Dinner is on the table in the time it takes to boil water and cook the pasta. Much faster than grabbing take-out, and the ingredients can be kept on hand for when you need a super fast meal. I altered this recipe from Country Gourmet Cookbook. That recipe called for raw eggs and I’m not willing to risk a case of food poisoning for dinner, so I took the eggs out and added a bit more cheese and half & half.
Gather up your ingredients:
1 box fettucine
1 container of shredded parmesan cheese (the original recipe calls for 1 cup, but I like more)

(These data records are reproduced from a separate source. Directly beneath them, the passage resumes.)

text \<open>Writing \<open>1\<^sub>S = \<delta> + g\<close>, every term of the expansion of \<open>ap3_form\<close> except the constant one
  contains \<open>g\<close>; the constant term is \<open>\<delta>\<^sup>3 n\<^sup>2 / 2\<close> up to a parity correction of at most \<open>1/2\<close>.\<close>
lemma num_3AP_deviation_le_of_fourier_le:
  fixes Sn :: "int set" and g :: "int \<Rightarrow> real" and n :: nat
  defines "\<delta> \<equiv> real (card Sn) / real n"
  assumes Sn: "Sn \<subseteq> {1..int n}" and n: "n \<ge> 1" and M: "M \<ge> 0"
    and g: "\<And>x. x \<in> {1..int n} \<Longrightarrow> g x = indicator Sn x - \<delta>"
    and small: "\<And>\<theta>. norm (fourier_sum n g \<theta>) \<le> M"
  shows "\<bar>real (num_3AP Sn) - \<delta> ^ 3 / 2 * real n ^ 2\<bar> \<le> 3 * M * real n + 1 / 2"
proof -
  let ?I = "{1..int n}"
  let ?f = "indicator Sn :: int \<Rightarrow> real" and ?u = "\<lambda>_::int. \<delta>"
  have "card Sn \<le> n"
    using card_mono[OF _ Sn] by simp
  then have \<delta>: "0 \<le> \<delta>" "\<delta> \<le> 1"
    using n by (auto simp: \<delta>_def)
  have f: "\<bar>?f x\<bar> \<le> 1" and u: "\<bar>?u x\<bar> \<le> 1" and g_le: "x \<in> ?I \<Longrightarrow> \<bar>g x\<bar> \<le> 1" for x
    using \<delta> g[of x] by (auto simp: indicator_def)
  have "\<bar>ap3_form n g ?f ?f\<bar> \<le> M * real n" "\<bar>ap3_form n ?u g ?f\<bar> \<le> M * real n"
    "\<bar>ap3_form n ?u ?u g\<bar> \<le> M * real n"
    using small by (intro ap3_form_le[OF _ _ _ M] f u g_le; simp)+
  moreover have "real (num_3AP Sn) = ap3_form n ?u ?u ?u + ap3_form n g ?f ?f + ap3_form n ?u g ?f
      + ap3_form n ?u ?u g"
    unfolding num_3AP_eq_ap3_form[OF Sn] by (rule ap3_form_decompose) (simp add: g)
  moreover have "\<bar>ap3_form n ?u ?u ?u - \<delta> ^ 3 / 2 * real n ^ 2\<bar> \<le> 1 / 2"
    using \<delta> power_le_one[of \<delta> 3] by (simp add: ap3_form_const field_simps)
  ultimately show ?thesis
    by linarith
qed

text \<open>The positions along the progression that hit \<open>Sn\<close> form a subset of \<open>{1..L}\<close> whose affine
  image lies in \<open>Sn\<close>, so by (C1) and (C2) it has property \<open>P\<close>.\<close>
lemma card_progression_hits_le:
  fixes P :: "int set \<Rightarrow> bool" and Sn SL :: "int set" and q a :: int and L :: nat
  assumes aff: "affine_prop P" and "finite Sn" "P Sn"
    and SL: "\<And>T. T \<subseteq> {1..int L} \<Longrightarrow> P T \<Longrightarrow> card T \<le> card SL"
    and q: "q \<noteq> 0"
  shows "card {j \<in> {..<L}. a + q * int j \<in> Sn} \<le> card SL"
proof -
  define B where "B = {j \<in> {1..int L}. a + q * (j - 1) \<in> Sn}"
  have "B = (\<lambda>j. int j + 1) ` {j \<in> {..<L}. a + q * int j \<in> Sn}"
  proof (rule set_eqI, rule iffI)
    fix j assume "j \<in> B"
    then have "nat (j - 1) \<in> {j \<in> {..<L}. a + q * int j \<in> Sn}" "j = int (nat (j - 1)) + 1"
      by (auto simp: B_def)
    then show "j \<in> (\<lambda>j. int j + 1) ` {j \<in> {..<L}. a + q * int j \<in> Sn}"
      by blast
  qed (auto simp: B_def)
  then have card_B: "card B = card {j \<in> {..<L}. a + q * int j \<in> Sn}"
    by (simp add: card_image inj_on_def)
  have "B \<subseteq> {1..int L}"
    by (auto simp: B_def)
  then have "finite B"
    by (rule finite_subset) simp
  moreover have "(\<lambda>j. q * j + (a - q)) ` B \<subseteq> Sn"
    by (auto simp: B_def algebra_simps)
  then have "P ((\<lambda>j. q * j + (a - q)) ` B)"
    using aff assms(2,3) unfolding affine_prop_def by blast
  ultimately have "P B"
    using aff q unfolding affine_prop_def by blast
  then show ?thesis
    using SL[OF \<open>B \<subseteq> {1..int L}\<close>] card_B by simp
qed

lemma progression_sum_balanced_le:
  fixes P :: "int set \<Rightarrow> bool" and Sn SL :: "int set" and q a :: int and L :: nat
  assumes aff: "affine_prop P" and "finite Sn" "P Sn"
    and SL: "\<And>T. T \<subseteq> {1..int L} \<Longrightarrow> P T \<Longrightarrow> card T \<le> card SL"
    and SL_le: "real (card SL) \<le> (c + \<epsilon>) * real L" and "c \<le> \<delta>" and "q \<noteq> 0"
  shows "(\<Sum>j<L. indicator Sn (a + q * int j) - \<delta>) \<le> \<epsilon> * real L"
proof -
  have "(\<Sum>j<L. indicator Sn (a + q * int j) :: real) = real (card {j \<in> {..<L}. a + q * int j \<in> Sn})"
    by (simp add: indicator_def sum.If_cases Int_def)
  also have "\<dots> \<le> (c + \<epsilon>) * real L"
    using card_progression_hits_le[where L = L and q = q and a = a, OF assms(1-4,7)] SL_le by simp
  finally show ?thesis
    using assms(6) mult_right_mono[of c \<delta> "real L"] by (simp add: sum_subtractf algebra_simps)
qed

lemma num_3AP_deviation_le:
  fixes P :: "int set \<Rightarrow> bool" and Sn SL :: "int set" and n L Q :: nat and \<epsilon> c :: real
  assumes aff: "affine_prop P" and Sn: "Sn \<subseteq> {1..int n}" "P Sn" and n: "n \<ge> 1"
    and SL: "\<And>T. T \<subseteq> {1..int L} \<Longrightarrow> P T \<Longrightarrow> card T \<le> card SL"
    and SL_le: "real (card SL) \<le> (c + \<epsilon>) * real L" and c: "c \<le> real (card Sn) / real n"
    and L: "L \<ge> 1" and Q: "Q \<ge> 1" and \<epsilon>: "\<epsilon> \<ge> 0"
  shows "\<bar>real (num_3AP Sn) - (real (card Sn) / real n) ^ 3 / 2 * real n ^ 2\<bar>
    \<le> 3 * (2 * \<epsilon> * real n + 4 * real Q * real L + 2 * pi * real n * real L / real Q) * real n + 1 / 2"
proof -
  let ?I = "{1..int n}"
  define \<delta> where "\<delta> = real (card Sn) / real n"
  define g where "g x = (if x \<in> ?I then indicator Sn x - \<delta> else 0)" for x
  have fin: "finite Sn"
    using Sn(1) finite_subset by blast
  have "card Sn \<le> n"
    using card_mono[OF _ Sn(1)] by simp
  then have \<delta>: "0 \<le> \<delta>" "\<delta> \<le> 1"
    using n by (auto simp: \<delta>_def)
  have g_le: "\<bar>g x\<bar> \<le> 1" for x
    using \<delta> by (simp add: g_def indicator_def)
  have "(\<Sum>x\<in>?I. indicator Sn x :: real) = real (card Sn)"
    using Sn(1) by (simp add: indicator_def sum.If_cases Int_absorb1)
  then have mean: "(\<Sum>x\<in>?I. g x) = 0"
    using n by (simp add: g_def sum_subtractf \<delta>_def)
  have progression: "(\<Sum>j<L. g (x0 + q * int j)) \<le> \<epsilon> * real L"
    if q: "1 \<le> q" and x0: "1 \<le> x0" "x0 + q * (int L - 1) \<le> int n" for x0 q
  proof -
    have "x0 + q * int j \<in> ?I" if "j < L" for j
    proof -
      have "0 \<le> q * int j" "q * int j \<le> q * (int L - 1)"
        using q that by (auto intro: mult_left_mono)
      then show ?thesis
        using x0 by auto
    qed
    then have "(\<Sum>j<L. g (x0 + q * int j)) = (\<Sum>j<L. indicator Sn (x0 + q * int j) - \<delta>)"
      by (simp add: g_def)
    also have "\<dots> \<le> \<epsilon> * real L"
      using q c by (intro progression_sum_balanced_le[OF aff fin Sn(2) SL SL_le]) (auto simp: \<delta>_def)
    finally show ?thesis .
  qed
  have "norm (fourier_sum n g \<theta>) \<le> 2 * \<epsilon> * real n + 4 * real Q * real L + 2 * pi * real n * real L / real Q"
    for \<theta>
    using g_le mean L Q \<epsilon> progression by (intro norm_fourier_sum_le_of_progression_sums_le) (auto simp: g_def)
  then show ?thesis
    using \<epsilon> by (intro num_3AP_deviation_le_of_fourier_le[OF Sn(1) n, where g = g]) (auto simp: g_def \<delta>_def)
qed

4 Tbs. butter, cut into pieces
1 1/2 cups half & half, warmed
Put the water on to boil and cook the fettucine according to the package directions. Warm the half & half in the microwave for 1-2 minutes. You don’t want to boil it, but you do want it warm. Drain the pasta and put it back into the cooking pot. Add the 4 Tbs. of butter to the pasta. Pour in the warm half & half and add the cheese. Season with salt and pepper to taste. You can also add finely chopped basil or parsley. I’m usually in too much of a hurry to fuss with that when I make this meal.
For my family of 6, this is enough pasta if I serve a few side dishes with it, like salad, broccoli or bread. I really need to start making a double batch to keep everyone happy. The big kids really eat a lot of this!